Print, in exact form, the lines below from the one containing "using slices by auto" through the one containing "theory Defs", and omit all others.
=== Provided information ===
text \<open>Each unit shift of a parameter of the seed \<open>F\<^sub>0\<close> is a difference in \<open>k\<close>: with explicit Gamma-ratio
  certificates, \<open>F\<^sub>0(a+1) - F\<^sub>0(a) = cert_a(k+1) - cert_a(k)\<close>, and likewise for \<open>b, c, d, e\<close>, while a
  shift of \<open>k\<close> is trivially such a difference. For a specialisation \<open>F(n,k) = F\<^sub>0(Kn+k\<^sub>0+k, An+a, \<dots>)\<close>
  the difference \<open>F(n+1,k) - F(n,k)\<close> therefore telescopes along a lattice path of integer offsets of the
  parameters from \<open>0\<close> to \<open>(K,A,B,C,D,E)\<close>, and summing the certificates along the path gives the mate
  \<open>G\<close>. The path runs through a corner \<open>(0,M,M,M,-M,-M)\<close> with \<open>M\<close> large, so that no numerator Gamma
  function meets a pole. Every summand of \<open>G\<close> is a polynomial in \<open>n, k\<close> times one fixed Gamma ratio,
  which is hypergeometric; hence so is \<open>G\<close>.\<close>

section \<open>Polynomial functions on \<open>\<int>\<^sup>2\<close>\<close>

inductive polyfun2 :: "(int \<Rightarrow> int \<Rightarrow> complex) \<Rightarrow> bool" where
  polyfun2_const: "polyfun2 (\<lambda>n k. c)"
| polyfun2_var_n: "polyfun2 (\<lambda>n k. of_int n)"
| polyfun2_var_k: "polyfun2 (\<lambda>n k. of_int k)"
| polyfun2_add: "polyfun2 f \<Longrightarrow> polyfun2 g \<Longrightarrow> polyfun2 (\<lambda>n k. f n k + g n k)"
| polyfun2_mult: "polyfun2 f \<Longrightarrow> polyfun2 g \<Longrightarrow> polyfun2 (\<lambda>n k. f n k * g n k)"

lemma polyfun2_uminus: "polyfun2 f \<Longrightarrow> polyfun2 (\<lambda>n k. - f n k)"
  using polyfun2_mult[OF polyfun2_const[of "-1"]] by simp

lemma polyfun2_diff: "polyfun2 f \<Longrightarrow> polyfun2 g \<Longrightarrow> polyfun2 (\<lambda>n k. f n k - g n k)"
  using polyfun2_add[OF _ polyfun2_uminus] by simp

lemma polyfun2_shift_n: "polyfun2 f \<Longrightarrow> polyfun2 (\<lambda>n k. f (n + 1) k)"
  by (induction rule: polyfun2.induct) (auto intro: polyfun2.intros)

lemma polyfun2_transpose: "polyfun2 f \<Longrightarrow> polyfun2 (\<lambda>n k. f k n)"
  by (induction rule: polyfun2.induct) (auto intro: polyfun2.intros)

lemma polyfun2_pochhammer: "polyfun2 f \<Longrightarrow> polyfun2 (\<lambda>n k. pochhammer (f n k) m)"
proof (induction m)
  case (Suc m)
  then show ?case
    unfolding pochhammer_rec' by (intro polyfun2_mult polyfun2_add polyfun2_const)
qed (simp add: polyfun2_const)

lemma polyfun2_biv: "polyfun2 f \<Longrightarrow> \<exists>P. \<forall>n k. f n k = biv P n k"
proof (induction rule: polyfun2.induct)
  case (polyfun2_const c)
  show ?case by (rule exI[of _ "[:[:c:]:]"]) (simp add: biv_def)
next
  case polyfun2_var_n
  show ?case by (rule exI[of _ "[:0, 1:]"]) (simp add: biv_def)
next
  case polyfun2_var_k
  show ?case by (rule exI[of _ "[:[:0, 1:]:]"]) (simp add: biv_def)
next
  case (polyfun2_add f g)
  then obtain P Q where "\<forall>n k. f n k = biv P n k" "\<forall>n k. g n k = biv Q n k" by blast
  then show ?case by (intro exI[of _ "P + Q"]) (simp add: biv_def)
next
  case (polyfun2_mult f g)
  then obtain P Q where "\<forall>n k. f n k = biv P n k" "\<forall>n k. g n k = biv Q n k" by blast
  then show ?case by (intro exI[of _ "P * Q"]) (simp add: biv_def)
qed

lemma biv_eq_0_iff: "(\<forall>n k. biv P n k = 0) \<longleftrightarrow> P = 0"
proof
  assume vanish: "\<forall>n k. biv P n k = 0"
  have "infinite (range (of_int :: int \<Rightarrow> complex))"
    using finite_imageD[of "of_int :: int \<Rightarrow> complex" UNIV] infinite_UNIV_int
    by (auto simp: inj_on_def)
  then have slices: "poly P [:of_int n:] = 0" for n
  proof -
    have "range of_int \<subseteq> {x. poly (poly P [:of_int n:]) x = 0}"
      using vanish by (auto simp: biv_def)
    with \<open>infinite (range of_int)\<close> show ?thesis
      using poly_roots_finite finite_subset by blast
  qed
  have "infinite (range (\<lambda>n::int. [:of_int n :: complex:]))"
    using finite_imageD[of "\<lambda>n::int. [:of_int n :: complex:]" UNIV] infinite_UNIV_int
    by (auto simp: inj_on_def)
  moreover have "range (\<lambda>n. [:of_int n:]) \<subseteq> {X. poly P X = 0}"
    using slices by auto
  ultimately show "P = 0"
    using poly_roots_finite finite_subset by blast
qed (simp add: biv_def)

lemma polyfun2_nonzero_mult:
  assumes "polyfun2 f" "polyfun2 g" "\<exists>n k. f n k \<noteq> 0" "\<exists>n k. g n k \<noteq> 0"
  shows "\<exists>n k. f n k * g n k \<noteq> 0"
proof -
  obtain P Q where "\<forall>n k. f n k = biv P n k" "\<forall>n k. g n k = biv Q n k"
    using assms(1,2) polyfun2_biv by metis
  with assms(3,4) have "P \<noteq> 0" "Q \<noteq> 0" by (auto simp: biv_def)
  then have "\<not> (\<forall>n k. biv (P * Q) n k = 0)" using biv_eq_0_iff by simp
  with \<open>\<forall>n k. f n k = biv P n k\<close> \<open>\<forall>n k. g n k = biv Q n k\<close> show ?thesis
    by (simp add: biv_def)
qed
(* Let $K$ be a non-pluripolar compact subset of $\mathbb{C}^n$. Then for every index $i\ge 0$, $$\inf\{\|P\|_K : P\in\mathcal P(\alpha(i))\} \;\ge\; [\tau^{-}(K)]^{|\alpha(i)|}.$$ In particular, every unweighted Chebyshev polynomial $T$ for $K$ in $\mathcal P(\alpha(i))$, i.e. every minimizer of $\|P\|_K$ over $P\in\mathcal P(\alpha(i))$, satisfies $\|T\|_K\ge[\tau^{-}(K)]^{|\alpha(i)|}$.
   Context: Monomials $z^\alpha=z_1^{\alpha_1}\cdots z_n^{\alpha_n}$, $\alpha\in\mathbb N_0^n$, are enumerated as $e_0=1,e_1,e_2,\dots$ with $e_i=z^{\alpha(i)}$. The enumeration is such that $|\alpha(i)|=\alpha_1+\dots+\alpha_n$ is non-decreasing in $i$. Among multi-indices of equal length it is ordered lexicographically: for $|\alpha|=|\beta|$, $\beta\prec\alpha$ iff for some $l$ one has $\alpha_l<\beta_l$ and $\alpha_k=\beta_k$ for all $k<l$. $\mathcal P(\alpha(i))$ denotes the set of polynomials of the form $e_i+\sum_{j<i}c_je_j$ with $c_j\in\mathbb C$. For compact $K\subset\mathbb C^n$, $\|\cdot\|_K$ denotes the sup norm on $K$. Set $t_i(K)=\inf\{\|P\|_K:P\in\mathcal P(\alpha(i))\}$ and $\tau^-(K)=\liminf_{i\to\infty} t_i(K)^{1/|\alpha(i)|}$. A compact set is non-pluripolar if it is not contained in the $-\infty$ locus of a plurisubharmonic function that is not identically $-\infty$ on a connected open neighborhood. *)

theory Defs
  imports "HOL-Analysis.Analysis" "HOL-Library.Extended_Nonnegative_Real"
begin

text \<open>Points of C^n are elements of complex^'n; the coordinates are indexed by a
finite linearly ordered type 'n (the order of the coordinates z_1,...,z_n).
Multi-indices are functions 'n => nat.\<close>

definition mdeg :: "('n::finite \<Rightarrow> nat) \<Rightarrow> nat" where
  "mdeg a = (\<Sum>k\<in>UNIV. a k)"

definition grlex_less :: "('n::{finite,linorder} \<Rightarrow> nat) \<Rightarrow> ('n \<Rightarrow> nat) \<Rightarrow> bool" where
  "grlex_less b a \<longleftrightarrow> mdeg b < mdeg a \<or>
     (mdeg b = mdeg a \<and> (\<exists>l. a l < b l \<and> (\<forall>k<l. a k = b k)))"

definition mindex :: "nat \<Rightarrow> ('n::{finite,linorder} \<Rightarrow> nat)" where
  "mindex i = (THE a. card {b. grlex_less b a} = i)"

definition monomial :: "('n::finite \<Rightarrow> nat) \<Rightarrow> complex^'n \<Rightarrow> complex" where
  "monomial a z = (\<Prod>k\<in>UNIV. (z $ k) ^ (a k))"

definition monic_class :: "nat \<Rightarrow> (complex^'n::{finite,linorder} \<Rightarrow> complex) set" where
  "monic_class i = {p. \<exists>c::nat \<Rightarrow> complex.
      p = (\<lambda>z. monomial (mindex i) z + (\<Sum>j<i. c j * monomial (mindex j) z))}"

definition supnorm :: "'a set \<Rightarrow> ('a \<Rightarrow> complex) \<Rightarrow> real" where
  "supnorm K p = Sup ((\<lambda>z. cmod (p z)) ` K)"

definition cheb_const :: "(complex^'n::{finite,linorder}) set \<Rightarrow> nat \<Rightarrow> real" where
  "cheb_const K i = Inf (supnorm K ` monic_class i)"

definition tau_minus :: "(complex^'n::{finite,linorder}) set \<Rightarrow> ereal" where
  "tau_minus K = liminf (\<lambda>i. ereal (cheb_const K i powr (1 / real (mdeg (mindex i :: 'n \<Rightarrow> nat)))))"

definition circle_mean :: "('a \<Rightarrow> ereal) \<Rightarrow> (real \<Rightarrow> 'a) \<Rightarrow> ereal" where
  "circle_mean f \<gamma> =
     (enn2ereal (\<integral>\<^sup>+\<theta>\<in>{0..2*pi}. e2ennreal (f (\<gamma> \<theta>)) \<partial>lborel)
      - enn2ereal (\<integral>\<^sup>+\<theta>\<in>{0..2*pi}. e2ennreal (- f (\<gamma> \<theta>)) \<partial>lborel)) / ereal (2*pi)"

text \<open>u : Omega -> [-inf, inf) is plurisubharmonic on the open set Omega: upper
semicontinuous, and its restriction to every complex line is subharmonic
(sub-mean-value property on every closed disc contained in Omega).\<close>
definition psh_on :: "(complex^'n \<Rightarrow> ereal) \<Rightarrow> (complex^'n) set \<Rightarrow> bool" where
  "psh_on u \<Omega> \<longleftrightarrow> open \<Omega> \<and> (\<forall>x\<in>\<Omega>. u x \<noteq> \<infinity>) \<and>
     (\<forall>x\<in>\<Omega>. \<forall>c. u x < c \<longrightarrow> (\<forall>\<^sub>F y in at x. u y < c)) \<and>
     (\<forall>a\<in>\<Omega>. \<forall>b. (\<forall>\<zeta>. cmod \<zeta> \<le> 1 \<longrightarrow> a + \<zeta> *s b \<in> \<Omega>) \<longrightarrow>
          u a \<le> circle_mean u (\<lambda>\<theta>. a + cis \<theta> *s b))"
===
Your response:
    using slices by auto
  ultimately show "P = 0"
    using poly_roots_finite finite_subset by blast
qed (simp add: biv_def)

lemma polyfun2_nonzero_mult:
  assumes "polyfun2 f" "polyfun2 g" "\<exists>n k. f n k \<noteq> 0" "\<exists>n k. g n k \<noteq> 0"
  shows "\<exists>n k. f n k * g n k \<noteq> 0"
proof -
  obtain P Q where "\<forall>n k. f n k = biv P n k" "\<forall>n k. g n k = biv Q n k"
    using assms(1,2) polyfun2_biv by metis
  with assms(3,4) have "P \<noteq> 0" "Q \<noteq> 0" by (auto simp: biv_def)
  then have "\<not> (\<forall>n k. biv (P * Q) n k = 0)" using biv_eq_0_iff by simp
  with \<open>\<forall>n k. f n k = biv P n k\<close> \<open>\<forall>n k. g n k = biv Q n k\<close> show ?thesis
    by (simp add: biv_def)
qed
(* Let $K$ be a non-pluripolar compact subset of $\mathbb{C}^n$. Then for every index $i\ge 0$, $$\inf\{\|P\|_K : P\in\mathcal P(\alpha(i))\} \;\ge\; [\tau^{-}(K)]^{|\alpha(i)|}.$$ In particular, every unweighted Chebyshev polynomial $T$ for $K$ in $\mathcal P(\alpha(i))$, i.e. every minimizer of $\|P\|_K$ over $P\in\mathcal P(\alpha(i))$, satisfies $\|T\|_K\ge[\tau^{-}(K)]^{|\alpha(i)|}$.
   Context: Monomials $z^\alpha=z_1^{\alpha_1}\cdots z_n^{\alpha_n}$, $\alpha\in\mathbb N_0^n$, are enumerated as $e_0=1,e_1,e_2,\dots$ with $e_i=z^{\alpha(i)}$. The enumeration is such that $|\alpha(i)|=\alpha_1+\dots+\alpha_n$ is non-decreasing in $i$. Among multi-indices of equal length it is ordered lexicographically: for $|\alpha|=|\beta|$, $\beta\prec\alpha$ iff for some $l$ one has $\alpha_l<\beta_l$ and $\alpha_k=\beta_k$ for all $k<l$. $\mathcal P(\alpha(i))$ denotes the set of polynomials of the form $e_i+\sum_{j<i}c_je_j$ with $c_j\in\mathbb C$. For compact $K\subset\mathbb C^n$, $\|\cdot\|_K$ denotes the sup norm on $K$. Set $t_i(K)=\inf\{\|P\|_K:P\in\mathcal P(\alpha(i))\}$ and $\tau^-(K)=\liminf_{i\to\infty} t_i(K)^{1/|\alpha(i)|}$. A compact set is non-pluripolar if it is not contained in the $-\infty$ locus of a plurisubharmonic function that is not identically $-\infty$ on a connected open neighborhood. *)

theory Defs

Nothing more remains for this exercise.